→ Exercise details:
The answer must be a single number: the count of lines in these records that hold "lemma".

──────── Exercise inputs

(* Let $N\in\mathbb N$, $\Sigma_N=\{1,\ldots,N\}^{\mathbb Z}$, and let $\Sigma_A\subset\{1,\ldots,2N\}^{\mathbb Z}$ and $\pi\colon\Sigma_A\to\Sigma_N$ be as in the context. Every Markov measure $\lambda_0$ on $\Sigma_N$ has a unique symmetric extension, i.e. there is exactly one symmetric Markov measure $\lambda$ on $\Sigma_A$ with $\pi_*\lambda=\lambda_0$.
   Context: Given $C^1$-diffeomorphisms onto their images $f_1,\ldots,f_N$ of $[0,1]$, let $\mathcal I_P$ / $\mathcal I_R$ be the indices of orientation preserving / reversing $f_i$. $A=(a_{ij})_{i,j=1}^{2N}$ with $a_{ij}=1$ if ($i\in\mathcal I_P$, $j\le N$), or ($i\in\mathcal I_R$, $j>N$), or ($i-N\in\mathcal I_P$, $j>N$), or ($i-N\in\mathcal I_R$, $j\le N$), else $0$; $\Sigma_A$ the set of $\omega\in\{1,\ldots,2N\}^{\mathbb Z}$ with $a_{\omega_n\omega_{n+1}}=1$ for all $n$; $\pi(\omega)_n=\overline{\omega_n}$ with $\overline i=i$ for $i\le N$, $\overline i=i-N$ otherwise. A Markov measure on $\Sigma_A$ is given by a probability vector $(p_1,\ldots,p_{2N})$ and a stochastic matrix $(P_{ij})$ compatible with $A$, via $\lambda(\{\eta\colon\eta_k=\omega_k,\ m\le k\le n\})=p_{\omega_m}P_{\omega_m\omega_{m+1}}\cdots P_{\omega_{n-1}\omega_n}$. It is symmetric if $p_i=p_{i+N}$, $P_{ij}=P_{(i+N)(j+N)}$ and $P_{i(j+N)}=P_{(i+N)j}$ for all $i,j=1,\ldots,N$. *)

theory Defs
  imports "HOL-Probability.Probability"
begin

────────────────
──────── Exercise inputs

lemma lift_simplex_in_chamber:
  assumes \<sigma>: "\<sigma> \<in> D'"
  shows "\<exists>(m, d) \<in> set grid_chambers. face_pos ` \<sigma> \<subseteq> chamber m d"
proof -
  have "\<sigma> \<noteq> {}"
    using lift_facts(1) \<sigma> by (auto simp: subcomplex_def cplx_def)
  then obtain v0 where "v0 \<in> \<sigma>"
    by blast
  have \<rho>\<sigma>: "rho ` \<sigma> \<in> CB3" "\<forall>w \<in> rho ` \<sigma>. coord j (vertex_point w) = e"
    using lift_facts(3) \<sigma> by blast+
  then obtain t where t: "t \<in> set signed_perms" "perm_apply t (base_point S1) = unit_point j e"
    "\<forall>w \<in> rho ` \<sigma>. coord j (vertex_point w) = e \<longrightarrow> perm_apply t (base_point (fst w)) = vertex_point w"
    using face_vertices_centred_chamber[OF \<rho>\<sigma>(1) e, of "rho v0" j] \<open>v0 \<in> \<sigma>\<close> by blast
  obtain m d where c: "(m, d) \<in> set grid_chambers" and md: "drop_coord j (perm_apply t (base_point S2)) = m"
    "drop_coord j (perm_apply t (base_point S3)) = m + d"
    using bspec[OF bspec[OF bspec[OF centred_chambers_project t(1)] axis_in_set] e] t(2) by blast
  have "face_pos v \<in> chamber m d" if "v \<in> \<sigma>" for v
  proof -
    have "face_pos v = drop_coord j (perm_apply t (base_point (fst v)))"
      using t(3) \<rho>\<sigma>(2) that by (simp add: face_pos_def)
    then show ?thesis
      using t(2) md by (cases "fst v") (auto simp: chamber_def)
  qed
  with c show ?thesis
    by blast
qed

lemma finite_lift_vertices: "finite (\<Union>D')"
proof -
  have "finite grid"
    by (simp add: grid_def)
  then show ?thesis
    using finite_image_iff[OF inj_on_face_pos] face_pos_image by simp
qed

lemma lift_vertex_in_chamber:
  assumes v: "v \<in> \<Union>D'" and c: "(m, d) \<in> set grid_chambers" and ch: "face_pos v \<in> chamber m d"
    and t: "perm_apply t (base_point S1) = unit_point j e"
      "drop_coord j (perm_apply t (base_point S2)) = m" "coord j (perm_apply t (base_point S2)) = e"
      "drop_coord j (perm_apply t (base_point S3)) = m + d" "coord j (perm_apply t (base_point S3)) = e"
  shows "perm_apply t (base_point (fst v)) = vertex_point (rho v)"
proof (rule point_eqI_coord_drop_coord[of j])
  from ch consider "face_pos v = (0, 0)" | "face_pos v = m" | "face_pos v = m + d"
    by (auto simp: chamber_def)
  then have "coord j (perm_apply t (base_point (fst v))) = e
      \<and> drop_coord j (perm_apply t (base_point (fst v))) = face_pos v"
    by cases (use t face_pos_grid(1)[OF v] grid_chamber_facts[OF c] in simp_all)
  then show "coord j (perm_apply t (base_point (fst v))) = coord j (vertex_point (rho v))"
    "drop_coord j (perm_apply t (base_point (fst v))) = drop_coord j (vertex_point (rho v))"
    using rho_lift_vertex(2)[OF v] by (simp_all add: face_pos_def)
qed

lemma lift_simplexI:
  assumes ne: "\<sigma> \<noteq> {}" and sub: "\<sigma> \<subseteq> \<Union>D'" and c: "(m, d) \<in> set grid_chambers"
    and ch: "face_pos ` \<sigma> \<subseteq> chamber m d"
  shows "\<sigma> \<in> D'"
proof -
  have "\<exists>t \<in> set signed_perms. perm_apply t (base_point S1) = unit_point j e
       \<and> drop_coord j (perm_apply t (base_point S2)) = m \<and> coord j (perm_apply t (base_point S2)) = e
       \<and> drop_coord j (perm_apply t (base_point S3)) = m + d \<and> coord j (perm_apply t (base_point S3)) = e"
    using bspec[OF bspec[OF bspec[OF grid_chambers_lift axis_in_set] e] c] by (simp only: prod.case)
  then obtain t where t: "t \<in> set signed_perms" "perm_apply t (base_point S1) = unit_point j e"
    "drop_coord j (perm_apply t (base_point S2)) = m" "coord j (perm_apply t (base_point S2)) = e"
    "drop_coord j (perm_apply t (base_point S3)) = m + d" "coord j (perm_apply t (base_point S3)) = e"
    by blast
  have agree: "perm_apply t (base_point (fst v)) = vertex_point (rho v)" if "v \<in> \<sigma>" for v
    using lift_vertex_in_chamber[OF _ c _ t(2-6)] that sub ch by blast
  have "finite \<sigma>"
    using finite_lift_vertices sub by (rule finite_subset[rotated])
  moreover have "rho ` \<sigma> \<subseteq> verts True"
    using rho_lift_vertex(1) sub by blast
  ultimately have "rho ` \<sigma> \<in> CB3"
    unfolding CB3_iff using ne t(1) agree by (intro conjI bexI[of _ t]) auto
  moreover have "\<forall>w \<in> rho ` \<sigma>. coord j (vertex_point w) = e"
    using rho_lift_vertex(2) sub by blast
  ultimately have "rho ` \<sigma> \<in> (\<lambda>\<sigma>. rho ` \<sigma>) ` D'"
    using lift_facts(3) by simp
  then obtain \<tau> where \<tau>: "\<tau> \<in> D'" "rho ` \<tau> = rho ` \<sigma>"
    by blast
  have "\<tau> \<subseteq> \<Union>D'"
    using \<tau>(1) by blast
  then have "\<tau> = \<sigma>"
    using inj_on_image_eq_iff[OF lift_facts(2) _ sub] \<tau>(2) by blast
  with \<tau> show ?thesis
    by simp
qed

────────────────

→ Answer space:
4